◆ Assignment ◆
Would you please output only the lines from the one containing "on K and r_beta(gamma,h)" through the end of the entries below, exactly as written?

◆ Data under study ◆
(* Let $\alpha>1$, $\delta\in(0,\alpha-1)$, $\tau\in(0,\alpha-1-\delta]$, $d\in\mathbb N$, $1\ge\gamma_1\ge\dots\ge\gamma_d>0$, and $g\in\mathcal A_{\alpha,\boldsymbol\gamma,d}$. Let $\boldsymbol x_1,\dots,\boldsymbol x_N\in[0,1]^d$, $c_1,\dots,c_N\in\mathbb R$. Let $L$ be a prime and $\mathcal Z=\{\boldsymbol z_0,\dots,\boldsymbol z_{L-1}\}$ a rank-1 lattice point set of size $L$ satisfying $e(H_{\beta,\boldsymbol\gamma,d},\mathcal Z)\le C_{\boldsymbol\gamma,d}(\beta,\tau')L^{-\beta+\tau'}$ for all $\tau'\in(0,\beta-\frac12]$, where $\beta=\alpha-\frac12-\delta$. Then for $m\in\mathbb N$, with $K=Q^\alpha_{m,\boldsymbol\gamma,d}$, $$\Big|\frac1N\sum_{n=1}^Nc_ng(\boldsymbol x_n)-\frac1L\sum_{\ell=0}^{L-1}g(\boldsymbol z_\ell)\phi_K(\boldsymbol z_\ell)\Big|\le\mathrm{err}_1(g,\mathcal C)+\mathrm{err}_2(g,\mathcal C)\le\|g\|_{\mathcal A_{\alpha,\boldsymbol\gamma,d}}\Big[\frac1{\sqrt{2^{m-d+1}}}+\frac{\sqrt{2^m}}{L^{\alpha-\frac12-\delta-\tau}}c_{\alpha,\boldsymbol\gamma,d}\,\zeta_{\delta,d}\,C_{\boldsymbol\gamma,d}\big(\alpha-\tfrac12-\delta,\tau\big)\Big]\overline\mu_N.$$
   Context: $r_\beta(\gamma,h)=\max(|h|^{2\beta}/\gamma,1)$, $r_\beta(\boldsymbol\gamma,\boldsymbol k)=\prod_jr_\beta(\gamma_j,k_j)$; $\omega_{\boldsymbol k}(\boldsymbol x)=\exp(2\pi i\,\boldsymbol k\cdot\boldsymbol x)$, $\widehat f_{\boldsymbol k}=\int_{[0,1]^d}f\,\overline{\omega_{\boldsymbol k}}$. $\mathcal A_{\alpha,\boldsymbol\gamma,d}=\{f\in L_1([0,1]^d):\|f\|_{\mathcal A_{\alpha,\boldsymbol\gamma,d}}=\sum_{\boldsymbol k}\sqrt{r_\alpha(\boldsymbol\gamma,\boldsymbol k)}|\widehat f_{\boldsymbol k}|<\infty\}$; $H_{\beta,\boldsymbol\gamma,d}=\{f\in L_2:\|f\|^2_{H_{\beta,\boldsymbol\gamma,d}}=\sum_{\boldsymbol k}r_\beta(\boldsymbol\gamma,\boldsymbol k)|\widehat f_{\boldsymbol k}|^2<\infty\}$. Weighted step hyperbolic cross: $Q^\alpha_{m,\boldsymbol\gamma,d}=\bigcup_{\boldsymbol t\in\mathbb N_0^d,\|\boldsymbol t\|_1=m}\{\boldsymbol k\in\mathbb Z^d:r_\alpha(\gamma_j,k_j)\le2^{t_j}\ \forall j\}$. $\phi_K(\boldsymbol x)=\sum_{\boldsymbol k\in K}\check\phi_{\boldsymbol k}\overline{\omega_{\boldsymbol k}(\boldsymbol x)}$, $\check\phi_{\boldsymbol k}=\frac1N\sum_nc_n\omega_{\boldsymbol k}(\boldsymbol x_n)$; $\mathcal C=(c_n)$; $\mathrm{err}_1(g,\mathcal C)=|\frac1N\sum_nc_ng(\boldsymbol x_n)-\int g\phi_K|$, $\mathrm{err}_2(g,\mathcal C)=|\int g\phi_K-\frac1L\sum_\ell(g\phi_K)(\boldsymbol z_\ell)|$. Rank-1 lattice: $\{\boldsymbol z_\ell=(\ell\mathfrak g/L)\bmod1\}$, $\mathfrak g\in\{1,\dots,L-1\}^d$. $e(H_{\beta,\boldsymbol\gamma,d},\mathcal Z)=\sup_{\|f\|\le1}|\int f-\frac1L\sum_\ell f(\boldsymbol z_\ell)|$. $C_{\boldsymbol\gamma,d}(\beta,\tau)=2^{\beta-\tau}\prod_j[1+2\gamma_j^{1/(2(\beta-\tau))}\zeta(\frac\beta{\beta-\tau})]^{\beta-\tau}$; $\overline\mu_N=\frac1N\sum_n|c_n|$; $c_{\alpha,\boldsymbol\gamma,d}=\sqrt{\prod_j\max(1,2^{2\alpha}\gamma_j)}$; $\zeta_{\delta,d}=[1+2\zeta(1+2\delta)]^{d/2}$; $\zeta$ Riemann zeta. *)

theory Defs
  imports "HOL-Analysis.Analysis" "HOL-Computational_Algebra.Primes"
begin

text \<open>Dimension d is CARD('n); coordinates j are indexed by the (linearly ordered) finite type 'n.\<close>

definition unit_cube :: "(real^'n::finite) set" where
  "unit_cube = cbox 0 One"

definition rzeta :: "real \<Rightarrow> real" where
  "rzeta s = (\<Sum>n. 1 / real (Suc n) powr s)"

definition rfun :: "real \<Rightarrow> real \<Rightarrow> int \<Rightarrow> real" where
  "rfun \<beta> \<gamma> h = max (\<bar>real_of_int h\<bar> powr (2 * \<beta>) / \<gamma>) 1"

definition rvec :: "real \<Rightarrow> ('n::finite \<Rightarrow> real) \<Rightarrow> int^'n \<Rightarrow> real" where
  "rvec \<beta> \<gamma> k = (\<Prod>j\<in>UNIV. rfun \<beta> (\<gamma> j) (k $ j))"

definition omega :: "int^'n::finite \<Rightarrow> real^'n \<Rightarrow> complex" where
  "omega k x = exp (2 * complex_of_real pi * \<i> *
      complex_of_real (\<Sum>j\<in>UNIV. real_of_int (k $ j) * x $ j))"

definition fourier_coeff :: "(real^'n::finite \<Rightarrow> complex) \<Rightarrow> int^'n \<Rightarrow> complex" where
  "fourier_coeff f k = (LINT x : unit_cube | lborel. f x * cnj (omega k x))"

text \<open>The (continuous) representative: f equals its Fourier series pointwise on the cube.\<close>
definition fourier_rep :: "(real^'n::finite \<Rightarrow> complex) \<Rightarrow> bool" where
  "fourier_rep f \<longleftrightarrow> (\<forall>x\<in>unit_cube. f x = (\<Sum>\<^sub>\<infinity>k. fourier_coeff f k * omega k x))"

definition in_A :: "real \<Rightarrow> ('n::finite \<Rightarrow> real) \<Rightarrow> (real^'n \<Rightarrow> complex) \<Rightarrow> bool" where
  "in_A \<alpha> \<gamma> f \<longleftrightarrow> set_integrable lborel unit_cube f \<and>
     (\<lambda>k. sqrt (rvec \<alpha> \<gamma> k) * cmod (fourier_coeff f k)) summable_on UNIV"

definition A_norm :: "real \<Rightarrow> ('n::finite \<Rightarrow> real) \<Rightarrow> (real^'n \<Rightarrow> complex) \<Rightarrow> real" where
  "A_norm \<alpha> \<gamma> f = (\<Sum>\<^sub>\<infinity>k. sqrt (rvec \<alpha> \<gamma> k) * cmod (fourier_coeff f k))"

definition in_H :: "real \<Rightarrow> ('n::finite \<Rightarrow> real) \<Rightarrow> (real^'n \<Rightarrow> complex) \<Rightarrow> bool" where
  "in_H \<beta> \<gamma> f \<longleftrightarrow> set_borel_measurable lborel unit_cube f \<and>
     set_integrable lborel unit_cube (\<lambda>x. (cmod (f x))^2) \<and>
     (\<lambda>k. rvec \<beta> \<gamma> k * (cmod (fourier_coeff f k))^2) summable_on UNIV"

definition H_norm :: "real \<Rightarrow> ('n::finite \<Rightarrow> real) \<Rightarrow> (real^'n \<Rightarrow> complex) \<Rightarrow> real" where
  "H_norm \<beta> \<gamma> f = sqrt (\<Sum>\<^sub>\<infinity>k. rvec \<beta> \<gamma> k * (cmod (fourier_coeff f k))^2)"

definition wce :: "real \<Rightarrow> ('n::finite \<Rightarrow> real) \<Rightarrow> (nat \<Rightarrow> real^'n) \<Rightarrow> nat \<Rightarrow> ereal" where
  "wce \<beta> \<gamma> z L = (SUP f \<in> {f. in_H \<beta> \<gamma> f \<and> fourier_rep f \<and> H_norm \<beta> \<gamma> f \<le> 1}.
      ereal (cmod ((LINT x : unit_cube | lborel. f x) - (1 / of_nat L) * (\<Sum>l<L. f (z l)))))"

definition lattice_pt :: "nat \<Rightarrow> nat^'n::finite \<Rightarrow> nat \<Rightarrow> real^'n" where
  "lattice_pt L gen l = (\<chi> j. frac (real l * real (gen $ j) / real L))"

definition Ccon :: "('n::finite \<Rightarrow> real) \<Rightarrow> real \<Rightarrow> real \<Rightarrow> real" where
  "Ccon \<gamma> \<beta> \<tau> = 2 powr (\<beta> - \<tau>) *
     (\<Prod>j\<in>UNIV. (1 + 2 * \<gamma> j powr (1 / (2 * (\<beta> - \<tau>))) * rzeta (\<beta> / (\<beta> - \<tau>))) powr (\<beta> - \<tau>))"

definition hypcross :: "real \<Rightarrow> ('n::finite \<Rightarrow> real) \<Rightarrow> nat \<Rightarrow> (int^'n) set" where
  "hypcross \<alpha> \<gamma> m = {k. \<exists>t::'n \<Rightarrow> nat. (\<Sum>j\<in>UNIV. t j) = m \<and>
       (\<forall>j. rfun \<alpha> (\<gamma> j) (k $ j) \<le> 2 ^ (t j))}"

definition phi_check :: "nat \<Rightarrow> (nat \<Rightarrow> real) \<Rightarrow> (nat \<Rightarrow> real^'n::finite) \<Rightarrow> int^'n \<Rightarrow> complex" where
  "phi_check N c x k = (1 / of_nat N) * (\<Sum>n=1..N. complex_of_real (c n) * omega k (x n))"

definition phiK :: "(int^'n::finite) set \<Rightarrow> nat \<Rightarrow> (nat \<Rightarrow> real) \<Rightarrow> (nat \<Rightarrow> real^'n) \<Rightarrow> real^'n \<Rightarrow> complex" where
  "phiK K N c x y = (\<Sum>k\<in>K. phi_check N c x k * cnj (omega k y))"

definition err1 :: "(real^'n::finite \<Rightarrow> complex) \<Rightarrow> (int^'n) set \<Rightarrow> nat \<Rightarrow> (nat \<Rightarrow> real) \<Rightarrow> (nat \<Rightarrow> real^'n) \<Rightarrow> real" where
  "err1 g K N c x = cmod ((1 / of_nat N) * (\<Sum>n=1..N. complex_of_real (c n) * g (x n))
      - (LINT y : unit_cube | lborel. g y * phiK K N c x y))"

definition err2 :: "(real^'n::finite \<Rightarrow> complex) \<Rightarrow> (int^'n) set \<Rightarrow> nat \<Rightarrow> (nat \<Rightarrow> real) \<Rightarrow> (nat \<Rightarrow> real^'n)
     \<Rightarrow> (nat \<Rightarrow> real^'n) \<Rightarrow> nat \<Rightarrow> real" where
  "err2 g K N c x z L = cmod ((LINT y : unit_cube | lborel. g y * phiK K N c x y)
      - (1 / of_nat L) * (\<Sum>l<L. g (z l) * phiK K N c x (z l)))"

definition mu_bar :: "nat \<Rightarrow> (nat \<Rightarrow> real) \<Rightarrow> real" where
  "mu_bar N c = (1 / real N) * (\<Sum>n=1..N. \<bar>c n\<bar>)"

definition c_const :: "real \<Rightarrow> ('n::finite \<Rightarrow> real) \<Rightarrow> real" where
  "c_const \<alpha> \<gamma> = sqrt (\<Prod>j\<in>UNIV. max 1 (2 powr (2 * \<alpha>) * \<gamma> j))"

definition zeta_const :: "real \<Rightarrow> nat \<Rightarrow> real" where
  "zeta_const \<delta> d = (1 + 2 * rzeta (1 + 2 * \<delta>)) powr (real d / 2)"

end

theory Submission
  imports Defs
begin

(*
  Both estimates split the error at the exact integral I of g phi_K over the cube.

  err1: inserting the absolutely convergent Fourier series of g, the empirical average
  (1/N) sum_n c_n g(x_n) equals sum_k ghat_k phicheck_k, while I is the same sum restricted to
  k in K. Outside the step hyperbolic cross K the weight satisfies r_alpha(gamma,k) >= 2^(m-d+1),
  and |phicheck_k| <= mu_N, so the tail is at most ||g||_A mu_N / sqrt(2^(m-d+1)).

  err2: the product g phi_K has Fourier coefficients sum_{k in K} phicheck_k ghat_{k+h}.
  Submultiplicativity r_alpha(h) <= c^2 r_alpha(h+k) r_alpha(k), together with r_alpha(k) <= 2^m
  on K and r_beta(gamma,h) r_{1/2+delta}(1,h) <= r_alpha(gamma,h) for beta = alpha - 1/2 - delta,
  bounds each weighted coefficient by mu_N c sqrt(2^m) ||g||_A / sqrt(r_{1/2+delta}(1,h)).
  The reciprocals of r_{1/2+delta}(1,.) sum to zeta_{delta,d}^2, hence
  ||g phi_K||_H <= mu_N c sqrt(2^m) ||g||_A zeta_{delta,d}, and the assumed worst-case error of
  the lattice rule in H_beta, applied to g phi_K, yields the second term.
*)

section \<open>Weights, characters and the kernel phi_K\<close>

lemma rfun_ge_1: "1 \<le> rfun \<beta> \<gamma> h"
  by (simp add: rfun_def)

lemma rfun_nonneg: "0 \<le> rfun \<beta> \<gamma> h"
  using rfun_ge_1 [of \<beta> \<gamma> h] by linarith

lemma rvec_ge_1: "1 \<le> rvec \<beta> \<gamma> k"
  unfolding rvec_def by (rule prod_ge_1) (simp add: rfun_ge_1)

lemma rvec_nonneg: "0 \<le> rvec \<beta> \<gamma> k"
  using rvec_ge_1 [of \<beta> \<gamma> k] by linarith

lemma rfun_le_rvec: "rfun \<beta> (\<gamma> j) (k $ j) \<le> rvec \<beta> \<gamma> k"
  unfolding rvec_def
  using prod_mono2 [of UNIV "{j}" "\<lambda>j. rfun \<beta> (\<gamma> j) (k $ j)"] by (simp add: rfun_ge_1 rfun_nonneg)

lemma norm_omega [simp]: "cmod (omega k x) = 1"
  unfolding omega_def by simp

lemma omega_add: "omega (k + h) x = omega k x * omega h x"
  unfolding omega_def by (simp add: exp_add [symmetric] sum.distrib algebra_simps)

lemma omega_zero [simp]: "omega 0 x = 1"
  by (simp add: omega_def)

◆ Answer for this exercise ◆
  on K and r_beta(gamma,h) r_{1/2+delta}(1,h) <= r_alpha(gamma,h) for beta = alpha - 1/2 - delta,
  bounds each weighted coefficient by mu_N c sqrt(2^m) ||g||_A / sqrt(r_{1/2+delta}(1,h)).
  The reciprocals of r_{1/2+delta}(1,.) sum to zeta_{delta,d}^2, hence
  ||g phi_K||_H <= mu_N c sqrt(2^m) ||g||_A zeta_{delta,d}, and the assumed worst-case error of
  the lattice rule in H_beta, applied to g phi_K, yields the second term.
*)

section \<open>Weights, characters and the kernel phi_K\<close>

lemma rfun_ge_1: "1 \<le> rfun \<beta> \<gamma> h"
  by (simp add: rfun_def)

lemma rfun_nonneg: "0 \<le> rfun \<beta> \<gamma> h"
  using rfun_ge_1 [of \<beta> \<gamma> h] by linarith

lemma rvec_ge_1: "1 \<le> rvec \<beta> \<gamma> k"
  unfolding rvec_def by (rule prod_ge_1) (simp add: rfun_ge_1)

lemma rvec_nonneg: "0 \<le> rvec \<beta> \<gamma> k"
  using rvec_ge_1 [of \<beta> \<gamma> k] by linarith

lemma rfun_le_rvec: "rfun \<beta> (\<gamma> j) (k $ j) \<le> rvec \<beta> \<gamma> k"
  unfolding rvec_def
  using prod_mono2 [of UNIV "{j}" "\<lambda>j. rfun \<beta> (\<gamma> j) (k $ j)"] by (simp add: rfun_ge_1 rfun_nonneg)

lemma norm_omega [simp]: "cmod (omega k x) = 1"
  unfolding omega_def by simp

lemma omega_add: "omega (k + h) x = omega k x * omega h x"
  unfolding omega_def by (simp add: exp_add [symmetric] sum.distrib algebra_simps)

lemma omega_zero [simp]: "omega 0 x = 1"
  by (simp add: omega_def)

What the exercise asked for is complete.